Data Analysis in the Cloud (eBook)

Models, Techniques and Applications

Fabrizio Marozzo, Domenico Talia, Paolo Trunfio (Autoren)

eBook Download: PDF | EPUB

2015 | 1. Auflage
150 Seiten
Elsevier Science (Verlag)
978-0-12-802914-5 (ISBN)

Data Analysis in the Cloud introduces and discusses models, methods, techniques, and systems to analyze the large number of digital data sources available on the Internet using the computing and storage facilities of the cloud. Coverage includes scalable data mining and knowledge discovery techniques together with cloud computing concepts, models, and systems. Specific sections focus on map-reduce and NoSQL models. The book also includes techniques for conducting high-performance distributed analysis of large data on clouds. Finally, the book examines research trends such as Big Data pervasive computing, data-intensive exascale computing, and massive social network analysis. - Introduces data analysis techniques and cloud computing concepts - Describes cloud-based models and systems for Big Data analytics - Provides examples of the state-of-the-art in cloud data analysis - Explains how to develop large-scale data mining applications on clouds - Outlines the main research trends in the area of scalable Big Data analysis

Domenico Talia is a professor of computer engineering at University of Calabria and partner of two startups: DtoK Lab and Exeura. His research interests include parallel and distributed data mining algorithms, cloud computing, social data analysis, distributed knowledge discovery, mobile computing, green computing systems, peer-to-peer systems, and parallel programming. He is the author of several books including Service-Oriented Distributed Knowledge Discovery (CRC 2012) and Grid Middleware and Services: Challenges and Solutions (Springer 2010), and more than 300 papers in archival journals such as CACM, IEEE TKDE, ACM Computing Surveys, FGCS, Parallel Computing, IEEE Internet Computing and international conference proceedings. He is a member of the editorial boards of many journals including IEEE Transactions on Cloud Computing, the Future Generation Computer Systems journal, Journal of Cloud Computing, and The International Journal on Web and Grid Services.

Chapter 2

Introduction to Cloud Computing

Abstract

This chapter introduces the basic concepts of cloud computing, which provides scalable storage and processing services that can be used for extracting knowledge from big data repositories. Section 2.1 defines cloud computing and discusses the main service and deployment models adopted by cloud providers. The section also describes some cloud platforms that can be used to implement applications and frameworks for distributed data analysis. Section 2.2 discusses more specifically how cloud computing technologies can be used to implement distributed data analysis systems. The section identifies the main requirements that should be satisfied by a distributed data analysis system, and then discusses how a cloud platform can be used to fulfill such requirements.

Keywords

cloud computing

cloud service models

cloud deployment models

Microsoft Azure

Amazon Web Services

OpenNebula

OpenStack

cloud models for distributed data analysis

2.1. Cloud computing: definition, models, and architectures

As discussed in the previous chapter, an effective solution to extract useful knowledge from big data repositories in reasonable time is exploiting parallel and distributed data mining techniques. It is also necessary and helpful to work with data analysis environments allowing the effective and efficient access, management and mining of such repositories. For example, a scientist can use a data analysis environment to run complex data mining algorithms, validate models, and compare and share results with colleagues located worldwide.
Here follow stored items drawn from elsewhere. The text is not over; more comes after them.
lemma prod_motzkin_step:
  assumes "length g = Suc L"
  shows "(\<Prod>k<L. motzkin_step \<sigma> (g ! k) (g ! Suc k))
           = (if g \<in> motzkin_paths L then path_weight \<sigma> L g else 0)"
proof (cases "g \<in> motzkin_paths L")
  case True
  then have "motzkin_step \<sigma> (g ! k) (g ! Suc k) = (if g ! Suc k = g ! k then \<sigma> else 1)" if "k < L" for k
    using that unfolding motzkin_paths_def motzkin_step_def by fastforce
  then have "(\<Prod>k<L. motzkin_step \<sigma> (g ! k) (g ! Suc k)) = (\<Prod>k<L. if g ! Suc k = g ! k then \<sigma> else 1)"
    by (intro prod.cong) auto
  also have "\<dots> = \<sigma> ^ card {k. k < L \<and> g ! Suc k = g ! k}"
    by (simp add: prod.If_cases Int_def conj_commute)
  finally show ?thesis
    using True unfolding path_weight_def by simp
next
  case False
  then obtain k where k: "k < L" "\<not> \<bar>int (g ! Suc k) - int (g ! k)\<bar> \<le> 1"
    using assms unfolding motzkin_paths_def by auto
  then have "motzkin_step \<sigma> (g ! k) (g ! Suc k) = 0"
    unfolding motzkin_step_def by auto
  then show ?thesis
    using False k(1) by (auto intro!: prod_zero)
qed
(* Let $\mathcal{M}=(S,P,E,s_{init},L)$ be a CTMC, let $\varepsilon,\delta,\varepsilon_1,\delta_1,\varepsilon_2,\delta_2\geq 0$, and let $s,s',s''\in S$. (1) The relation $\sim_{\varepsilon,\delta}$ is the largest $(\varepsilon,\delta)$-bisimulation on $\mathcal{M}$, i.e. it is itself an $(\varepsilon,\delta)$-bisimulation and contains every $(\varepsilon,\delta)$-bisimulation on $\mathcal{M}$. (2) If $s\sim_{\varepsilon_1,\delta_1}s'$ and $s'\sim_{\varepsilon_2,\delta_2}s''$, then $s\sim_{\varepsilon_1+\varepsilon_2,\,\delta_1+\delta_2}s''$. (3) $s\sim s'$ if and only if $s\sim_{0,0}s'$.
   Context: A CTMC is a tuple $\mathcal{M}=(S,P,E,s_{init},L)$ with $S$ a finite nonempty set of states, $P\colon S\to\mathrm{Distr}(S)$ a transition probability function (self-loops allowed; write $P(s,s')=P(s)(s')$ and $P(s,A)=\sum_{a\in A}P(s,a)$ for $A\subseteq S$), $E\colon S\to\mathbb{R}_{>0}$ an exit rate function, $s_{init}\in S$ an initial state, and $L\colon S\to 2^{AP}$ a labeling function. For a relation $R\subseteq S\times S$ and $A\subseteq S$ let $R(A)=\{t\in S\mid \exists s\in A: (s,t)\in R\}$. For $\varepsilon,\delta\geq 0$, a reflexive and symmetric relation $R\subseteq S\times S$ is an $(\varepsilon,\delta)$-bisimulation if for all $(s,s')\in R$: (i) $L(s)=L(s')$; (ii) $|\ln E(s)-\ln E(s')|\leq\delta$; (iii) for all $A\subseteq S$, $P(s,A)\leq P(s',R(A))+\varepsilon$. States are $(\varepsilon,\delta)$-bisimilar, written $s\sim_{\varepsilon,\delta}s'$, if some $(\varepsilon,\delta)$-bisimulation contains $(s,s')$. A strong bisimulation is an equivalence relation $R$ on $S$ such that for all $(s,s')\in R$: $L(s)=L(s')$, $E(s)=E(s')$, and $P(s,C)=P(s',C)$ for every equivalence class $C$ of $R$; $s\sim s'$ means some strong bisimulation contains $(s,s')$. *)

theory Defs
  imports Complex_Main
begin

definition ctmc :: "('s::finite \<Rightarrow> 's \<Rightarrow> real) \<Rightarrow> ('s \<Rightarrow> real) \<Rightarrow> 's \<Rightarrow> ('s \<Rightarrow> 'ap set) \<Rightarrow> bool" where
  "ctmc P E s_init L \<longleftrightarrow>
     (\<forall>s. (\<forall>t. 0 \<le> P s t) \<and> (\<Sum>t\<in>UNIV. P s t) = 1) \<and> (\<forall>s. 0 < E s)"

definition Pset :: "('s \<Rightarrow> 's \<Rightarrow> real) \<Rightarrow> 's \<Rightarrow> 's set \<Rightarrow> real" where
  "Pset P s A = (\<Sum>a\<in>A. P s a)"

definition approx_bisim ::
  "('s::finite \<Rightarrow> 's \<Rightarrow> real) \<Rightarrow> ('s \<Rightarrow> real) \<Rightarrow> ('s \<Rightarrow> 'ap set) \<Rightarrow> real \<Rightarrow> real \<Rightarrow> ('s \<times> 's) set \<Rightarrow> bool" where
  "approx_bisim P E L \<epsilon> \<delta> R \<longleftrightarrow> refl R \<and> sym R \<and>
     (\<forall>(s, s') \<in> R. L s = L s' \<and> \<bar>ln (E s) - ln (E s')\<bar> \<le> \<delta> \<and>
        (\<forall>A. Pset P s A \<le> Pset P s' (R `` A) + \<epsilon>))"

definition approx_bisimilar ::
  "('s::finite \<Rightarrow> 's \<Rightarrow> real) \<Rightarrow> ('s \<Rightarrow> real) \<Rightarrow> ('s \<Rightarrow> 'ap set) \<Rightarrow> real \<Rightarrow> real \<Rightarrow> 's \<Rightarrow> 's \<Rightarrow> bool" where
  "approx_bisimilar P E L \<epsilon> \<delta> s s' \<longleftrightarrow> (\<exists>R. approx_bisim P E L \<epsilon> \<delta> R \<and> (s, s') \<in> R)"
In the past few years, clouds have emerged as effective computing platforms to face the challenge of extracting knowledge from big data repositories, as well as to provide effective and efficient data analysis environments to both researchers and companies. From a client perspective, the cloud is an abstraction for remote, infinitely scalable provisioning of computation and storage resources. From an implementation point of view, cloud systems are based on large sets of computing resources, located somewhere “in the cloud”, which are allocated to applications on demand (Barga et al., 2011).
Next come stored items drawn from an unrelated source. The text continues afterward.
lemma place_latest:
  assumes v: "v \<in> V" and "earlier v \<noteq> {}"
  shows "place v = place (latest v) @ [enumerate (child_indices v) (to_nat_on V v)]"
    and "infinite (child_indices v)"
    and "c (place v) = free_colour place v"
proof -
  show e: "place v = place (latest v) @ [enumerate (child_indices v) (to_nat_on V v)]"
    using place_eq[OF v] assms(2) unfolding place_step_def child_indices_def by simp
  have "free_colour place v \<noteq> c (place (latest v))"
    using free_colour(2)[OF v] latest(1)[OF assms] by blast
  then show inf: "infinite (child_indices v)"
    using colouring free_colour(1)[OF v] unfolding Tk_colouring_def child_indices_def by auto
  show "c (place v) = free_colour place v"
    using enumerate_in_set[OF inf] e unfolding child_indices_def by simp
qed

lemma length_place:
  assumes "v \<in> V"
  shows "length (place v) = 1 \<longleftrightarrow> earlier v = {}"
proof (cases "earlier v = {}")
  case False
  then have "place (latest v) \<noteq> []"
    using place_eq latest(1)[OF assms] earlier_subset[OF assms]
    unfolding place_step_def by (auto split: if_splits)
  with False show ?thesis using place_latest(1)[OF assms False] by simp
qed (use place_eq[OF assms] in \<open>simp add: place_step_def\<close>)

lemma Tk_arc_place:
  "v \<in> V \<Longrightarrow> a \<in> earlier v \<Longrightarrow> Tk_arc c (place a) (place v)"
proof (induction v arbitrary: a rule: wf_induct_rule[OF wf_rank])
  case (1 v)
  then have ne: "earlier v \<noteq> {}" by auto
  define b where "b = latest v"
  have b: "b \<in> earlier v" "b \<in> V" using latest(1)[OF \<open>v \<in> V\<close> ne] earlier_subset 1 b_def by auto
  have colour: "c (place v) \<noteq> c (place a)"
    using place_latest(3)[OF \<open>v \<in> V\<close> ne] free_colour(2)[OF \<open>v \<in> V\<close>] 1(3) by auto
  obtain n where snoc: "place v = place b @ [n]" using place_latest(1)[OF \<open>v \<in> V\<close> ne] b_def by simp
  show ?case
  proof (cases "a = b")
    case True
    with snoc colour show ?thesis unfolding Tk_arc_def
      by (metis prefix_order.less_le_not_le prefix_snoc prefix_snocD)
  next
    case False
    then have "a \<in> earlier b" using earlier_latest[OF \<open>v \<in> V\<close> 1(3)] b_def by simp
    moreover have "rank b < rank v" using b unfolding earlier_def by simp
    ultimately have IH: "Tk_arc c (place a) (place b)" using 1(1) b(2) by blast
    then have "strict_prefix (place a) (place v)"
      using snoc prefix_order.less_le_trans unfolding Tk_arc_def by fastforce
    moreover have "c u \<noteq> c (place a)" if "strict_prefix (place a) u" "prefix u (place v)" for u
      using that snoc colour IH unfolding Tk_arc_def by auto
    ultimately show ?thesis unfolding Tk_arc_def by blast
  qed
qed

lemma inj_on_place: "inj_on place V"
proof (rule inj_onI)
  fix v w assume v: "v \<in> V" and w: "w \<in> V" and eq: "place v = place w"
  then have "earlier v = {} \<longleftrightarrow> earlier w = {}" using length_place by metis
  then consider "earlier v = {}" "earlier w = {}" | "earlier v \<noteq> {}" "earlier w \<noteq> {}" by blast
  then have "to_nat_on V v = to_nat_on V w"
  proof cases
    case 1
    then show ?thesis using eq place_eq v w unfolding place_step_def by simp
  next
    case 2
    have "child_indices v = child_indices w"
      using place_latest[OF v 2(1)] place_latest[OF w 2(2)] eq unfolding child_indices_def by simp
    then show ?thesis
      using place_latest[OF v 2(1)] place_latest[OF w 2(2)] eq strict_mono_enumerate
      by (metis last_snoc strict_mono_eq)
  qed
  then show "v = w" using inj_on_to_nat_on[OF countable_V] v w by (simp add: inj_on_eq_iff)
qed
Thus, cloud computing can be defined as a distributed computing paradigm in which all the resources, dynamically scalable and often virtualized, are provided as services over the Internet. Virtualization is a software-based technique that implements the separation of physical computing infrastructures and allows creating various “virtual” computing resources on the same hardware. It is a basic technology that powers cloud computing by making possible to concurrently run different operating environments and multiple applications on the same server. Differently from other distributed computing paradigms, cloud users are not required to have knowledge of, expertise in, or control over the technology infrastructure in the “cloud” that supports them. A number of features define cloud applications, services, data, and infrastructure:

• Remotely hosted: Services and/or data are hosted on remote infrastructure.

• Ubiquitous: Services or data are available from anywhere.
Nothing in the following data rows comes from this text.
(* Let $f: B_1(0) \subseteq \mathbb{C} \to \mathbb{R}^3$ be a smooth conformal Willmore immersion with pull-back metric $g = f^*g_{euc} = e^{2u} g_{euc}$. Let $\nu$ be a smooth unit normal field along $f$, $h_{ij}$ the scalar second fundamental form with respect to $\nu$, $H = g^{ij}h_{ij}$ the scalar mean curvature, $h^0_{ij} = h_{ij} - \frac12 H g_{ij}$, and $\varphi := h^0_{11} - i\, h^0_{12}$. Then there is a smooth matrix-valued function $M: B_1(0) \to \mathbb{C}^{2\times 2}$ such that $$\partial_{\bar z} (\varphi, \partial_z H)^T = M \cdot (\varphi, \partial_z H)^T \quad \text{on } B_1(0).$$
   Context: Wirtinger derivatives: $\partial_z = \frac12(\partial_1 - i\partial_2)$, $\partial_{\bar z} = \frac12(\partial_1 + i \partial_2)$. The Willmore functional of an immersion $f$ of a surface into $\mathbb{R}^3$ is $\mathcal{W}(f) = \frac14 \int H^2\, d\mu_g$. A Willmore immersion is a critical point of $\mathcal{W}$; such an immersion satisfies the Euler–Lagrange equation $\Delta_g H + |A^0|_g^2 H = 0$, where $\Delta_g$ is the Laplace–Beltrami operator of $g$ and $A^0 = A - \frac12 \vec{H} g$ is the tracefree second fundamental form. *)

theory Defs
  imports "HOL-Analysis.Analysis"
begin

text \<open>Domain: the complex plane C = R^2 (coordinates x1 = Re, x2 = Im). Codomain R^3 = real^3.\<close>

text \<open>Directional (partial) derivatives. pd v F x is the Frechet derivative of F at x applied to v;
  partial_1 = pd 1, partial_2 = pd ii.\<close>
definition pd :: "complex \<Rightarrow> (complex \<Rightarrow> 'b::real_normed_vector) \<Rightarrow> complex \<Rightarrow> 'b" where
  "pd v F x = frechet_derivative F (at x) v"

definition coord :: "nat \<Rightarrow> complex" where
  "coord i = (if i = 1 then 1 else \<i>)"

fun Ck :: "nat \<Rightarrow> complex set \<Rightarrow> (complex \<Rightarrow> 'b::real_normed_vector) \<Rightarrow> bool" where
  "Ck 0 S F = continuous_on S F"
| "Ck (Suc k) S F = (F differentiable_on S \<and> (\<forall>v. Ck k S (\<lambda>x. pd v F x)))"

definition smooth_on :: "complex set \<Rightarrow> (complex \<Rightarrow> 'b::real_normed_vector) \<Rightarrow> bool" where
  "smooth_on S F = (\<forall>k. Ck k S F)"

definition dz :: "(complex \<Rightarrow> complex) \<Rightarrow> complex \<Rightarrow> complex" where
  "dz F x = (pd 1 F x - \<i> * pd \<i> F x) / 2"

definition dzbar :: "(complex \<Rightarrow> complex) \<Rightarrow> complex \<Rightarrow> complex" where
  "dzbar F x = (pd 1 F x + \<i> * pd \<i> F x) / 2"

definition gmet :: "(complex \<Rightarrow> real^3) \<Rightarrow> nat \<Rightarrow> nat \<Rightarrow> complex \<Rightarrow> real" where
  "gmet f i j x = pd (coord i) f x \<bullet> pd (coord j) f x"

definition gdet :: "(complex \<Rightarrow> real^3) \<Rightarrow> complex \<Rightarrow> real" where
  "gdet f x = gmet f 1 1 x * gmet f 2 2 x - gmet f 1 2 x * gmet f 2 1 x"

definition ginv :: "(complex \<Rightarrow> real^3) \<Rightarrow> nat \<Rightarrow> nat \<Rightarrow> complex \<Rightarrow> real" where
  "ginv f i j x =
     (if i = 1 \<and> j = 1 then gmet f 2 2 x
      else if i = 2 \<and> j = 2 then gmet f 1 1 x
      else - gmet f i j x) / gdet f x"

definition immersion_on :: "complex set \<Rightarrow> (complex \<Rightarrow> real^3) \<Rightarrow> bool" where
  "immersion_on S f = (smooth_on S f \<and>
     (\<forall>x\<in>S. \<forall>a b::real. a *\<^sub>R pd 1 f x + b *\<^sub>R pd \<i> f x = 0 \<longrightarrow> a = 0 \<and> b = 0))"

definition conformal_with :: "complex set \<Rightarrow> (complex \<Rightarrow> real^3) \<Rightarrow> (complex \<Rightarrow> real) \<Rightarrow> bool" where
  "conformal_with S f u = (\<forall>x\<in>S.
     pd 1 f x \<bullet> pd 1 f x = exp (2 * u x) \<and>
     pd \<i> f x \<bullet> pd \<i> f x = exp (2 * u x) \<and>
     pd 1 f x \<bullet> pd \<i> f x = 0)"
• Pay-per-use: The result is a utility computing model similar to that of traditional utilities, like gas and electricity, where you pay for what you use.

We can also use the popular National Institute of Standards and Technology (NIST) definition of cloud computing to highlight its main features (Mell and Grance, 2011): “Cloud computing is a model for enabling convenient, on-demand network access to a shared pool of configurable computing resources (e.g., networks, servers, storage, applications, and services) that can be rapidly provisioned and released with minimal management effort or service provider interaction”. From the NIST definition, we can identify five essential characteristics of cloud computing systems, which are on-demand self-service, broad network access, resource pooling, rapid elasticity, and measured service.

Cloud systems can be classified on the basis of their service model (Software as a Service, Platform as a Service, Infrastructure as a Service) and their deployment model (public cloud, private cloud, hybrid cloud).

2.1.1. Service Models

Cloud computing vendors provide their services according to three main models: Software as a Service (SaaS), Platform as a Service (PaaS), and Infrastructure as a Service (IaaS).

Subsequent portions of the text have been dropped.